Лопатки Хидана врезаются в необработанные голые доски, и кожа на них натягивается, горит, собирая занозы.
Какузу, чёрт возьми, преступно великолепен.
Он, всклоченный, загнанно дышащий, покрытый испариной, нависает над распластанным, раскрытым телом под собой и усмехается –
совсем по-звериному.
– Теперь играем так, как я скажу, – а улыбка, гарцующая на трясущихся губах, отдаёт маниакальностью.
Чужое возбуждение упирается в бедро Хидана, и он замечает, как его начинает мелко мандражировать. Член под напором дёргается, изнывая от напряжения и будоражащих мозг картинок: кровь окропляет тело Какузу, смешивается с потом, проявляет разрывающее его изнутри желание, жадное, непреодолимое, ломающее.
И всё это – его.
Из-за него.
Член Какузу проталкивается в него болезненно, выбивая слёзы из глаз, едва ли не зажигает искры, которые вот-вот могут посыпаться на его грудь. Напирает на стенки прохода, и Хидан, хрипя и извиваясь, думает только о том, что задохнётся раньше, чем тот войдёт полностью. Он скулит под навалившимся телом, дерёт пальцы в мясо о грубое сукно и старается не забывать вовремя делать вдох.
Но всё без толку.
Жёсткие мозолистые пальцы обхватывают его шею, сжимают, сдавливая артерию и перекручивая кожу. Толчки, рваные, сбивчивые, вибрирующие, отдаются во всём теле волнами возбуждения, докатываются до груди и возвращаются обратно, резко отхлынув. А у Хидана перед глазами – эбеновые, обсидиановые кляксы, перемещающиеся по его зрению, измывающиеся над помутившимся сознанием, а посреди головокружительной темноты – чужая светящаяся, как нечто потустороннее, вышедшее из-за грани, радужка, и тёмные, тёмные зрачки.
Всепоглощающие.
Хидан дышит часто, мелко, неравномерно, лёгкие будто обливают себя керосином и поджигают – сгорают от критической нехватки кислорода, и горло точно воспламеняется.

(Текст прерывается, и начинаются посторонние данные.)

lemma hardy_line:
  fixes f f' :: "real \<Rightarrow> real" and w :: "real \<Rightarrow> ennreal" and U S :: "real set"
  assumes p: "p > 1"
    and f': "\<And>s. (f has_real_derivative f' s) (at s)" and cont: "continuous_on UNIV f'"
    and U: "open U" "convex U" and S: "compact S" "S \<subseteq> U" and supp: "\<And>s. s \<notin> S \<Longrightarrow> f s = 0"
    and w: "\<And>s t. 0 < t \<Longrightarrow> (\<And>r. s + r \<notin> U \<Longrightarrow> t \<le> \<bar>r\<bar>) \<Longrightarrow> w s \<le> ennreal (t powr (- p))"
  shows "ennreal (((p - 1) / p) powr p) * (\<integral>\<^sup>+s. w s * ennreal (\<bar>f s\<bar> powr p) \<partial>lborel)
          \<le> (\<integral>\<^sup>+s. ennreal (\<bar>f' s\<bar> powr p) \<partial>lborel)"
proof (cases "S = {}")
  case True
  then show ?thesis using supp by simp
next
  case False
  obtain a \<alpha> \<beta> b where ab: "a < \<alpha>" "\<alpha> \<le> \<beta>" "\<beta> < b" and S_in: "S \<subseteq> {\<alpha><..<\<beta>}"
    and gap: "\<And>r. r \<notin> U \<Longrightarrow> r \<le> a \<or> b \<le> r"
    using compact_in_open_convex_gap[OF U S False] by blast
  define m where "m = max \<alpha> (min \<beta> ((a + b) / 2))"
  have m: "\<alpha> \<le> m" "m \<le> \<beta>" using ab by (auto simp: m_def)
  have "\<alpha> \<notin> S" "\<beta> \<notin> S" using S_in by auto
  then have zero: "f \<alpha> = 0" "f \<beta> = 0" using supp by auto
  have bound: "w s * ennreal (\<bar>f s\<bar> powr p) \<le> ennreal (\<bar>f s\<bar> powr p / t powr p)"
    if "0 < t" "\<And>r. s + r \<notin> U \<Longrightarrow> t \<le> \<bar>r\<bar>" for s t
  proof -
    have "w s * ennreal (\<bar>f s\<bar> powr p) \<le> ennreal (t powr (- p)) * ennreal (\<bar>f s\<bar> powr p)"
      using w[of t s] that by (intro mult_right_mono) auto
    then show ?thesis by (simp add: ennreal_mult[symmetric] powr_minus_divide)
  qed
  \<comment> \<open>On \<open>{\<alpha>..m}\<close> the nearest point outside \<open>U\<close> is at least \<open>s - a\<close> away, on \<open>{m..\<beta>}\<close> at least \<open>b - s\<close>.\<close>
  have split: "w s * ennreal (\<bar>f s\<bar> powr p) \<le> ennreal (\<bar>f s\<bar> powr p / (s - a) powr p) * indicator {\<alpha>..m} s
          + ennreal (\<bar>f s\<bar> powr p / (b - s) powr p) * indicator {m..\<beta>} s"
    if s: "s \<in> {\<alpha>..\<beta>}" for s
  proof (cases "s \<le> (a + b) / 2")
    case True
    have "w s * ennreal (\<bar>f s\<bar> powr p) \<le> ennreal (\<bar>f s\<bar> powr p / (s - a) powr p)"
      using True s ab by (intro bound) (auto dest!: gap)
    moreover have "s \<in> {\<alpha>..m}" using True s by (auto simp: m_def)
    ultimately show ?thesis by (auto simp: add_increasing2)
  next
    case False
    have "w s * ennreal (\<bar>f s\<bar> powr p) \<le> ennreal (\<bar>f s\<bar> powr p / (b - s) powr p)"
      using False s ab by (intro bound) (auto dest!: gap)
    moreover have "s \<in> {m..\<beta>}" using False s by (auto simp: m_def)
    ultimately show ?thesis by (auto simp: add_increasing)
  qed
  have "(\<integral>\<^sup>+s. w s * ennreal (\<bar>f s\<bar> powr p) \<partial>lborel)
      = (\<integral>\<^sup>+s. w s * ennreal (\<bar>f s\<bar> powr p) * indicator {\<alpha>..\<beta>} s \<partial>lborel)"
    using S_in supp p by (intro nn_integral_cong) (force split: split_indicator)
  then have "ennreal (((p - 1) / p) powr p) * (\<integral>\<^sup>+s. w s * ennreal (\<bar>f s\<bar> powr p) \<partial>lborel)
      \<le> (\<integral>\<^sup>+s. ennreal (\<bar>f' s\<bar> powr p) * indicator {\<alpha>..\<beta>} s \<partial>lborel)"
    using hardy_interval[OF p ab(1) m ab(3) f' cont zero split] by simp
  also have "\<dots> \<le> (\<integral>\<^sup>+s. ennreal (\<bar>f' s\<bar> powr p) \<partial>lborel)"
    by (intro nn_integral_mono) (simp add: mult_left_le split: split_indicator)
  finally show ?thesis .
qed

И сам он – горит, горит, горит,
точно проклятый.
.
– Любопытные… у тебя заскоки, – насмешливо хмыкает Какузу, когда наконец приводит дыхание в порядок, а потолок над головой перестаёт кружиться. Он переводит взгляд на Хидана, который так и не находит в себе силы пошевелить хотя бы пальцем, и ожидает увидеть мученическое выражение на лице или как минимум капризную гримасу, но вскидывает брови в удивлении – тот сияет, точно ребёнок, получивший желанный подарок на рождество.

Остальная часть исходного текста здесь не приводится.